*Assignment*
Below are records; please set down exactly the lines from the first through the one containing "a j \<noteq>".

*Records for the task*

definition d_faces :: "nat \<Rightarrow> nat \<Rightarrow> nat set set" where
  "d_faces n d = {S. S \<subseteq> {1..n} \<and> card S = d + 1}"

text \<open>The complex with complete (d-1)-skeleton (all subsets of size at most d,
  including the empty face) together with the chosen set F of d-faces.\<close>
definition cplx :: "nat \<Rightarrow> nat \<Rightarrow> nat set set \<Rightarrow> nat set set" where
  "cplx n d F = {S. S \<subseteq> {1..n} \<and> card S \<le> d} \<union> F"

definition Yprob :: "nat \<Rightarrow> nat \<Rightarrow> real \<Rightarrow> (nat set set \<Rightarrow> bool) \<Rightarrow> real" where
  "Yprob n d p P =
     (\<Sum>F\<in>Pow (d_faces n d).
        if P (cplx n d F) then p ^ card F * (1 - p) ^ (card (d_faces n d) - card F) else 0)"

section \<open>The artinian algebra A_Y = K[x_1..x_n]/(I_Y + (x_1^e,...,x_n^e))\<close>

text \<open>Monomial K-basis of the degree-i part: exponent vectors a supported in [n],
  with all exponents < e (not in (x_j^e)) and support a face of Y (not in I_Y).\<close>
definition SR_basis :: "nat \<Rightarrow> nat \<Rightarrow> nat set set \<Rightarrow> nat \<Rightarrow> (nat \<Rightarrow> nat) set" where
  "SR_basis n e Y i = {a. (\<forall>j. j \<notin> {1..n} \<longrightarrow> a j = 0) \<and> (\<forall>j. a j < e)
       \<and> {j. a j \<noteq> 0} \<in> Y \<and> (\<Sum>j\<in>{1..n}. a j) = i}"

text \<open>Elements of the degree-i part A_i, as coefficient functions on the basis.\<close>
definition elem_space :: "'k::field itself \<Rightarrow> nat \<Rightarrow> nat \<Rightarrow> nat set set \<Rightarrow> nat
     \<Rightarrow> ((nat \<Rightarrow> nat) \<Rightarrow> 'k) set" where
  "elem_space K n e Y i = {f. \<forall>a. a \<notin> SR_basis n e Y i \<longrightarrow> f a = 0}"

text \<open>Multiplication by the linear form l = sum_j c_j x_j, as a map A_i -> A_(i+1).\<close>
definition mult_lin :: "nat \<Rightarrow> nat \<Rightarrow> nat set set \<Rightarrow> nat \<Rightarrow> (nat \<Rightarrow> 'k::field)
     \<Rightarrow> ((nat \<Rightarrow> nat) \<Rightarrow> 'k) \<Rightarrow> ((nat \<Rightarrow> nat) \<Rightarrow> 'k)" where
  "mult_lin n e Y i c f = (\<lambda>b. if b \<in> SR_basis n e Y (i + 1) then
      (\<Sum>j\<in>{j\<in>{1..n}. 0 < b j}.
          if b(j := b j - 1) \<in> SR_basis n e Y i then c j * f (b(j := b j - 1)) else 0)
     else 0)"

text \<open>A linear map between finite-dimensional spaces has full rank iff it is
  injective or surjective.\<close>
definition full_rank_mult :: "'k::field itself \<Rightarrow> nat \<Rightarrow> nat \<Rightarrow> nat set set \<Rightarrow> nat
     \<Rightarrow> (nat \<Rightarrow> 'k) \<Rightarrow> bool" where
  "full_rank_mult K n e Y i c \<longleftrightarrow>
     (\<forall>f\<in>elem_space K n e Y i. mult_lin n e Y i c f = (\<lambda>_. 0) \<longrightarrow> f = (\<lambda>_. 0))
   \<or> (\<forall>g\<in>elem_space K n e Y (i + 1). \<exists>f\<in>elem_space K n e Y i. mult_lin n e Y i c f = g)"

definition top_deg :: "nat \<Rightarrow> nat \<Rightarrow> nat set set \<Rightarrow> nat" where
  "top_deg n e Y = Max {i. SR_basis n e Y i \<noteq> {}}"

definition has_WLP :: "'k::field itself \<Rightarrow> nat \<Rightarrow> nat \<Rightarrow> nat set set \<Rightarrow> bool" where
  "has_WLP K n e Y \<longleftrightarrow> (\<exists>c :: nat \<Rightarrow> 'k. \<forall>i < top_deg n e Y. full_rank_mult K n e Y i c)"

text \<open>k-chains: K-valued functions on k-faces (card k+1), oriented by the vertex order.\<close>
definition chains :: "'k::field itself \<Rightarrow> nat set set \<Rightarrow> nat \<Rightarrow> (nat set \<Rightarrow> 'k) set" where
  "chains K Y k = {c. \<forall>\<sigma>. c \<sigma> \<noteq> 0 \<longrightarrow> \<sigma> \<in> Y \<and> card \<sigma> = k + 1}"

text \<open>Simplicial boundary of a k-chain (k \<ge> 1 gives a (k-1)-chain; for k = 0 it is the
  augmentation onto the empty face, giving reduced homology).\<close>
definition boundary :: "nat set set \<Rightarrow> nat \<Rightarrow> (nat set \<Rightarrow> 'k::field) \<Rightarrow> (nat set \<Rightarrow> 'k)" where
  "boundary Y k c = (\<lambda>\<sigma>. if \<sigma> \<in> Y \<and> card \<sigma> = k then
      (\<Sum>v\<in>{v. v \<notin> \<sigma> \<and> insert v \<sigma> \<in> Y}. (-1) ^ card {u\<in>\<sigma>. u < v} * c (insert v \<sigma>))
     else 0)"

definition reduced_homology_nonzero :: "'k::field itself \<Rightarrow> nat set set \<Rightarrow> nat \<Rightarrow> bool" where
  "reduced_homology_nonzero K Y k \<longleftrightarrow>
     (\<exists>z\<in>chains K Y k. boundary Y k z = (\<lambda>_. 0)
        \<and> \<not> (\<exists>w\<in>chains K Y (k + 1). boundary Y (k + 1) w = z))"

end

theory Submission
  imports Defs
begin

*Answer to the exercise*
definition d_faces :: "nat \<Rightarrow> nat \<Rightarrow> nat set set" where
  "d_faces n d = {S. S \<subseteq> {1..n} \<and> card S = d + 1}"

text \<open>The complex with complete (d-1)-skeleton (all subsets of size at most d,
  including the empty face) together with the chosen set F of d-faces.\<close>
definition cplx :: "nat \<Rightarrow> nat \<Rightarrow> nat set set \<Rightarrow> nat set set" where
  "cplx n d F = {S. S \<subseteq> {1..n} \<and> card S \<le> d} \<union> F"

definition Yprob :: "nat \<Rightarrow> nat \<Rightarrow> real \<Rightarrow> (nat set set \<Rightarrow> bool) \<Rightarrow> real" where
  "Yprob n d p P =
     (\<Sum>F\<in>Pow (d_faces n d).
        if P (cplx n d F) then p ^ card F * (1 - p) ^ (card (d_faces n d) - card F) else 0)"

section \<open>The artinian algebra A_Y = K[x_1..x_n]/(I_Y + (x_1^e,...,x_n^e))\<close>

text \<open>Monomial K-basis of the degree-i part: exponent vectors a supported in [n],
  with all exponents < e (not in (x_j^e)) and support a face of Y (not in I_Y).\<close>
definition SR_basis :: "nat \<Rightarrow> nat \<Rightarrow> nat set set \<Rightarrow> nat \<Rightarrow> (nat \<Rightarrow> nat) set" where
  "SR_basis n e Y i = {a. (\<forall>j. j \<notin> {1..n} \<longrightarrow> a j = 0) \<and> (\<forall>j. a j < e)
       \<and> {j. a j \<noteq> 0} \<in> Y \<and> (\<Sum>j\<in>{1..n}. a j) = i}"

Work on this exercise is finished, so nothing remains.